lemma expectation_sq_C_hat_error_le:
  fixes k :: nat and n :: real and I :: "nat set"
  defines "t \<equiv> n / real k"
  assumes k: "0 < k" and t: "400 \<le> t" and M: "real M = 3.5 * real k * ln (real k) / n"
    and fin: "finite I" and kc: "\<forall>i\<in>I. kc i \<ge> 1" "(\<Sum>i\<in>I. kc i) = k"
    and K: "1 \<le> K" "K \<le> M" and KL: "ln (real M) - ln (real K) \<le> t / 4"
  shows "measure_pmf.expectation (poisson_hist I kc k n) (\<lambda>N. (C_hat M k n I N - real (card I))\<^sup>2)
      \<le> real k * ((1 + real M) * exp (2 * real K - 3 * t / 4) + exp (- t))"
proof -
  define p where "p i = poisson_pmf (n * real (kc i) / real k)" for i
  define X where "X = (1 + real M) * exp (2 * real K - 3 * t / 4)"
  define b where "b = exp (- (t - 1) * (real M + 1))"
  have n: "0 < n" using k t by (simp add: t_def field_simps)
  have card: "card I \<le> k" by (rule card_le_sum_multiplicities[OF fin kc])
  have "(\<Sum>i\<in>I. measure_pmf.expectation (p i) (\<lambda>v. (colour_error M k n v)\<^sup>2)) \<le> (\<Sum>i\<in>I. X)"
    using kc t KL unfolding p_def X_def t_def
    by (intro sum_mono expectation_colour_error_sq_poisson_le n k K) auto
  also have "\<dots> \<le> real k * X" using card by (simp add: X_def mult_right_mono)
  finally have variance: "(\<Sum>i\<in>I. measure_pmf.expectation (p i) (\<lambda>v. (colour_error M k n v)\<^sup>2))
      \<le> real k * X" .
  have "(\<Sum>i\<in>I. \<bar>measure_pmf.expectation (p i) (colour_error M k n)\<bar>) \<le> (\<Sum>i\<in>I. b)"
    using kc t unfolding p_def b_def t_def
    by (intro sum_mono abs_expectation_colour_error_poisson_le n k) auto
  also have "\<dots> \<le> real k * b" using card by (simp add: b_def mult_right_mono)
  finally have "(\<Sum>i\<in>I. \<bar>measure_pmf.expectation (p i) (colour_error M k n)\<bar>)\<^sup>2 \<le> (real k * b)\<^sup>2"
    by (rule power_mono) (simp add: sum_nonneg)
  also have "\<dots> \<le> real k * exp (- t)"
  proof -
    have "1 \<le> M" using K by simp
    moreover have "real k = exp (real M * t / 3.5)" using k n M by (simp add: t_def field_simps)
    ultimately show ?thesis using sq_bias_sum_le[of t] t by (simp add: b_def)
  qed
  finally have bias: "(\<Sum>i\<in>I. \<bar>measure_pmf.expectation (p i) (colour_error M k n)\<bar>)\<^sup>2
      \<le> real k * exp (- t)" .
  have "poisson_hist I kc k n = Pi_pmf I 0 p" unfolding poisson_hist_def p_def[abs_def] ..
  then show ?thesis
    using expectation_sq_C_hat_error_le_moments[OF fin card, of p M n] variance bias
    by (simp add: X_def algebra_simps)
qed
==
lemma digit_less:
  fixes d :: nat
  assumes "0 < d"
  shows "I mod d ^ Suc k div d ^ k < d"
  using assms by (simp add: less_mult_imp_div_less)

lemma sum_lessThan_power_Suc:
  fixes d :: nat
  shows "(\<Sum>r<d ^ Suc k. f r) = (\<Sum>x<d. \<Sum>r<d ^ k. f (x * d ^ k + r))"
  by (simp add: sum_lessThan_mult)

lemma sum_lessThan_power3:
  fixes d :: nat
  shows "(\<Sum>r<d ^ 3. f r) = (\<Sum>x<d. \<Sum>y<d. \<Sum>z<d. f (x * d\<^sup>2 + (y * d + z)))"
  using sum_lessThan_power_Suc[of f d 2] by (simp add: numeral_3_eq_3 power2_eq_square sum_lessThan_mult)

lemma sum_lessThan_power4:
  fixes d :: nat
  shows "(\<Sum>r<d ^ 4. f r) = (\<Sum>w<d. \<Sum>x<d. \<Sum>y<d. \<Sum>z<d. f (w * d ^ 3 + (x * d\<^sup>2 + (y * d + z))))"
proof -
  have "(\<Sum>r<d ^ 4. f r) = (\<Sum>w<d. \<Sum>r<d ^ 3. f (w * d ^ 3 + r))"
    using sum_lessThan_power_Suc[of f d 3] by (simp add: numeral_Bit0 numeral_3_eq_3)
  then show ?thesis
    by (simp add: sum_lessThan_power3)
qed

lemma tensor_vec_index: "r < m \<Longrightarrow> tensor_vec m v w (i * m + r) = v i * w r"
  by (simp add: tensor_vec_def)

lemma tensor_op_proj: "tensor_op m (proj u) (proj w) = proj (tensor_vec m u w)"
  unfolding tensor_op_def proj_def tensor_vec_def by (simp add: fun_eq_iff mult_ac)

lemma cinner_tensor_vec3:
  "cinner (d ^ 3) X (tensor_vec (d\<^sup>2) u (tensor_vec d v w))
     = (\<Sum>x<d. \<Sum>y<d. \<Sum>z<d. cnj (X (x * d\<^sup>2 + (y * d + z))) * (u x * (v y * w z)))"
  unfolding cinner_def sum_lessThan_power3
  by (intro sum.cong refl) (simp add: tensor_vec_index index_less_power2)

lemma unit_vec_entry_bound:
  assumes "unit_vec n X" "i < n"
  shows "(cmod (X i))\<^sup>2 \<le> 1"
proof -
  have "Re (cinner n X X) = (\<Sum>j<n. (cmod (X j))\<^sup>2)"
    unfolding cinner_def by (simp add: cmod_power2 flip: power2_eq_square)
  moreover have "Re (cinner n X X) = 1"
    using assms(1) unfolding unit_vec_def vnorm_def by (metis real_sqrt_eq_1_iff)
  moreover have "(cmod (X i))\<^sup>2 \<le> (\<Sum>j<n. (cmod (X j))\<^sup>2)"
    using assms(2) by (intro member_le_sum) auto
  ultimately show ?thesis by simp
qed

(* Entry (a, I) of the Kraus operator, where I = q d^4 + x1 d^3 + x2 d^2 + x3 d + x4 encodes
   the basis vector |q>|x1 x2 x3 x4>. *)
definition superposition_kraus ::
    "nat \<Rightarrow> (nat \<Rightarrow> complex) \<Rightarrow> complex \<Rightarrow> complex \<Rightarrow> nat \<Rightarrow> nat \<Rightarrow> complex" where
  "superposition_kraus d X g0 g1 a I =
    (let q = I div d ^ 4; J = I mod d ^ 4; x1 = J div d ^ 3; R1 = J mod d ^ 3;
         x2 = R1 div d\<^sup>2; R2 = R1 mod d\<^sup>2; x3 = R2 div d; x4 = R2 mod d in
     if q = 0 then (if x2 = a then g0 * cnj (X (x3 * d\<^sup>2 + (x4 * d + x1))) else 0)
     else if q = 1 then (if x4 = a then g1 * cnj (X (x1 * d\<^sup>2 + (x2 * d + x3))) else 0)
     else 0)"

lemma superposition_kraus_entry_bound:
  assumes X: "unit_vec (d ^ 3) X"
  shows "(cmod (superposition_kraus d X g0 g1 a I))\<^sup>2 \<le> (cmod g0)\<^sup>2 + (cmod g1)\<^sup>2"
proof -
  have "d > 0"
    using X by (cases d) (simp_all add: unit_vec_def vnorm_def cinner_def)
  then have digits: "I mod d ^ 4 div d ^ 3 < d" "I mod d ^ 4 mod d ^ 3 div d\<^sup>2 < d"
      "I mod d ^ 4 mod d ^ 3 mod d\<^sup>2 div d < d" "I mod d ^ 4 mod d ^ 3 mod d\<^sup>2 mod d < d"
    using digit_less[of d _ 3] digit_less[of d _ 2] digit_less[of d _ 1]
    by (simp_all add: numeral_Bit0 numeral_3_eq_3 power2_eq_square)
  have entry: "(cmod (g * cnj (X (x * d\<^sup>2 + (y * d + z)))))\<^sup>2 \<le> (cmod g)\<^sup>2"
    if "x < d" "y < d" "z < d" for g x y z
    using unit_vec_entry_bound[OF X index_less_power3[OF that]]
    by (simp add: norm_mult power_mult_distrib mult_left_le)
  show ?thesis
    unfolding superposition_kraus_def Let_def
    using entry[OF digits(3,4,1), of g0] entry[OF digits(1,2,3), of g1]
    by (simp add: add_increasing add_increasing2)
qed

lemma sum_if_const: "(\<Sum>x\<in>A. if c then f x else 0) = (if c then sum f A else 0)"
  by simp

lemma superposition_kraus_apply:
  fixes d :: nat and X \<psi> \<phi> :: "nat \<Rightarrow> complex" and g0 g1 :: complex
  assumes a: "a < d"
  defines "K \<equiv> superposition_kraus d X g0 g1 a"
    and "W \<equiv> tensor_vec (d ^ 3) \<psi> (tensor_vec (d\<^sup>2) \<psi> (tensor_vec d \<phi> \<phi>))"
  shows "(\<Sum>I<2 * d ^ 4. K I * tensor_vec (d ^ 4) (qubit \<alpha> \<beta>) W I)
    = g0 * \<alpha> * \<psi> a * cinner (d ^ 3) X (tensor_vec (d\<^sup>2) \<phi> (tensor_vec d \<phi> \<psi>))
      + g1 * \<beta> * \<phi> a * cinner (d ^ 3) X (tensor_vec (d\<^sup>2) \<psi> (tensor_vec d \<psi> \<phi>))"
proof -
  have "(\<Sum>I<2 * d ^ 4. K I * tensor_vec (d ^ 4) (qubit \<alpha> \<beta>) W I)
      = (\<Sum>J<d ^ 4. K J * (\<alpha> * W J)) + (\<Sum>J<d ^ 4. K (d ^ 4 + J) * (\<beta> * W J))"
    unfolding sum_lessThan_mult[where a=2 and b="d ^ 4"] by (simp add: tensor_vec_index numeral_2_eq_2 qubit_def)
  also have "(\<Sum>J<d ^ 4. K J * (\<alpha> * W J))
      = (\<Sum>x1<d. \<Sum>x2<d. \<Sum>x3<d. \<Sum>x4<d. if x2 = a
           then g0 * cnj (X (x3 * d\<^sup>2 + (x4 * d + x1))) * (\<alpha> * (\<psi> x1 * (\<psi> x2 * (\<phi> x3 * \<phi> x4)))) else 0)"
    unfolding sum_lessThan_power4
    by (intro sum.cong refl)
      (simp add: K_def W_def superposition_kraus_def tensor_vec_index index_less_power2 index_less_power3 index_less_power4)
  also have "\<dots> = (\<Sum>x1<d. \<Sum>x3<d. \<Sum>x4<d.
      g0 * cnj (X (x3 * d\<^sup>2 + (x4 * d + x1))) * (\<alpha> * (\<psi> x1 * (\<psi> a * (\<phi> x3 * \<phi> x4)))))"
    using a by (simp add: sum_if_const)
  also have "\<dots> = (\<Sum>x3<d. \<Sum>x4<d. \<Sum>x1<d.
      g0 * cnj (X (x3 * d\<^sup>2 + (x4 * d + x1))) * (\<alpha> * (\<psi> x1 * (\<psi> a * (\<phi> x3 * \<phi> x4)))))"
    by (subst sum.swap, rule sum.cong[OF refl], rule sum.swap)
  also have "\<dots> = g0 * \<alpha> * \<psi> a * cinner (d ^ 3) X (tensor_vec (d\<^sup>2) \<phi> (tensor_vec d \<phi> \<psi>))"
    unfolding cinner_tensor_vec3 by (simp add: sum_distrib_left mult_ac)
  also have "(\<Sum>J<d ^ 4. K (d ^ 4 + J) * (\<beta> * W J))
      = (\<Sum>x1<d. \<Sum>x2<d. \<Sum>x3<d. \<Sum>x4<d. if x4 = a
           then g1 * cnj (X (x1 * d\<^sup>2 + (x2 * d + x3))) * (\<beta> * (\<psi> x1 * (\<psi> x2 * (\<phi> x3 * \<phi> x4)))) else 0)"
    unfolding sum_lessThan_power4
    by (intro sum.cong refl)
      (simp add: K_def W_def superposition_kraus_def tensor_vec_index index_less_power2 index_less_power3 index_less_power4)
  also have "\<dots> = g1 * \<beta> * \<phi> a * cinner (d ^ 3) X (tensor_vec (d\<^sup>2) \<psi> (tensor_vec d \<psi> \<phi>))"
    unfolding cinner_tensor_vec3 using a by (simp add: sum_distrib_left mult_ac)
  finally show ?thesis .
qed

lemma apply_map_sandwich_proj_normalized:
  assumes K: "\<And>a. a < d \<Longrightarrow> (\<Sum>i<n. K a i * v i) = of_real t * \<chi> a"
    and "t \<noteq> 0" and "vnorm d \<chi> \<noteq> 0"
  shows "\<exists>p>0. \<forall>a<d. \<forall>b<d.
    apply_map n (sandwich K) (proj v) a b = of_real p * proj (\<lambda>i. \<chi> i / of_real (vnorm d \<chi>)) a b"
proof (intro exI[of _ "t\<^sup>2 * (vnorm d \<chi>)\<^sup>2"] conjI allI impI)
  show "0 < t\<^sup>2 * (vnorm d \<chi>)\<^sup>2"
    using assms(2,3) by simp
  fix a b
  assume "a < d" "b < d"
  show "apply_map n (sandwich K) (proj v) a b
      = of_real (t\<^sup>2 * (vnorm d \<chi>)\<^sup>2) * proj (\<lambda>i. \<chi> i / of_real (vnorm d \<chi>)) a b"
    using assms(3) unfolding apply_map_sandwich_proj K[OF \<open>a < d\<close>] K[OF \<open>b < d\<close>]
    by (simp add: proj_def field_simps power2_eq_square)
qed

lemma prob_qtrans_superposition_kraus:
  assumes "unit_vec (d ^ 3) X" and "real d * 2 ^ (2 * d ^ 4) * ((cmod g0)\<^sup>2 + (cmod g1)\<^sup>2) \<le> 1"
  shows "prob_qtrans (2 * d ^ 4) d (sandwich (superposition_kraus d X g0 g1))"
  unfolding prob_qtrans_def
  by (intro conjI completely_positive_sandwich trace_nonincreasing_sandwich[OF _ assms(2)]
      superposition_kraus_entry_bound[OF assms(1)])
---
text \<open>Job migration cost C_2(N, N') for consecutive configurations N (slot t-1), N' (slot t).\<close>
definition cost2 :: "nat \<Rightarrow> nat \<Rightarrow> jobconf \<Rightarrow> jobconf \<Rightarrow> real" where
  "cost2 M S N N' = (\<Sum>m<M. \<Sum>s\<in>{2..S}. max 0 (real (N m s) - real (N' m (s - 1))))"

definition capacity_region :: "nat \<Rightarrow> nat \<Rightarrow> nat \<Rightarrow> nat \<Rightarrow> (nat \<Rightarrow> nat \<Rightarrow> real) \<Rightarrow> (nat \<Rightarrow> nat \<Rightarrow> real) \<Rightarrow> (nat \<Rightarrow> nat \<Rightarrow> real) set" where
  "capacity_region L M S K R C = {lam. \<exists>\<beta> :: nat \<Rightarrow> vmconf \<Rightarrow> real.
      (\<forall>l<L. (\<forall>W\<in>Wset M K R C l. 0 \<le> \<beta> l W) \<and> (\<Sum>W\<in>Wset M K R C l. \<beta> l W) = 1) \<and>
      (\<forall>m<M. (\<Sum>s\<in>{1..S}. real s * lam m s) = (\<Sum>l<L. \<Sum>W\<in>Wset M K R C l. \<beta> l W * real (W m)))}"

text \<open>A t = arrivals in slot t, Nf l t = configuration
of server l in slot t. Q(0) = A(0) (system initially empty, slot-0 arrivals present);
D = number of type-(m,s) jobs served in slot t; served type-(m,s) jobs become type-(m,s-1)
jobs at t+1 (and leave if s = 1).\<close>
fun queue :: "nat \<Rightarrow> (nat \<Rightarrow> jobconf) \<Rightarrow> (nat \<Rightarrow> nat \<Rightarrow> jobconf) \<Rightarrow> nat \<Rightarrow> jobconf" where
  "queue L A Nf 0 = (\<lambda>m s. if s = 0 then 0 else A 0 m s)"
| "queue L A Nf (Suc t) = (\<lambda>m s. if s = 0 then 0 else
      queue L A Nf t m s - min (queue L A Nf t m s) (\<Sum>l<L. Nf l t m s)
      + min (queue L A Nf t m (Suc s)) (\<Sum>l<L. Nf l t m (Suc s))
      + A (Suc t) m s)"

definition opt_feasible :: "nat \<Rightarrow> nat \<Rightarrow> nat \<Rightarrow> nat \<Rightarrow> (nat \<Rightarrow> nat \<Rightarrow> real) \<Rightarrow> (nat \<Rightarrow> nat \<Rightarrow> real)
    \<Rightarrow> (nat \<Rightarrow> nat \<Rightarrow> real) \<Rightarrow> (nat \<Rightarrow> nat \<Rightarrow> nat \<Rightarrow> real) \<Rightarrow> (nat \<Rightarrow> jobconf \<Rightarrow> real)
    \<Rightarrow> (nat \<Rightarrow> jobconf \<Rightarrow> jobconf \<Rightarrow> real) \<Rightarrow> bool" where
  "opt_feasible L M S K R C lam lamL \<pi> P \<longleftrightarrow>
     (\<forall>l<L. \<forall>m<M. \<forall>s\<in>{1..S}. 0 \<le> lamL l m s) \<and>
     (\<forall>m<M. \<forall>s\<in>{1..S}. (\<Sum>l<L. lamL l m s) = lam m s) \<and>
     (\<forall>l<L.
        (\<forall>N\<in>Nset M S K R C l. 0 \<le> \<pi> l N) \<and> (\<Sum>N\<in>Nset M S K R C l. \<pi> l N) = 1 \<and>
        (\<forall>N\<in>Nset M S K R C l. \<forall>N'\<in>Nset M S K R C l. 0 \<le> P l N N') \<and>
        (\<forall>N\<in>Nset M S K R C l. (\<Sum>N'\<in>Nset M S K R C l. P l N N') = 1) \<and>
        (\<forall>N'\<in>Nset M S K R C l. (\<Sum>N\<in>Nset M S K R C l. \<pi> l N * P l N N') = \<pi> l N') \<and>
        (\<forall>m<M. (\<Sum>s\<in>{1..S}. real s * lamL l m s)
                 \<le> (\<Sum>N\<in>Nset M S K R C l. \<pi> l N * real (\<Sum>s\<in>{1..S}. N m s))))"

*YOUR TASK*. The lines above, starting at the one with "jobconf \<Rightarrow> real) \<Rightarrow>" and ending at the one with "lamL \<pi> P \<longleftrightarrow>", are the only ones to return, exactly as written.

*WRITTEN SOLUTION*.
    \<Rightarrow> (nat \<Rightarrow> jobconf \<Rightarrow> jobconf \<Rightarrow> real) \<Rightarrow> bool" where
  "opt_feasible L M S K R C lam lamL \<pi> P \<longleftrightarrow>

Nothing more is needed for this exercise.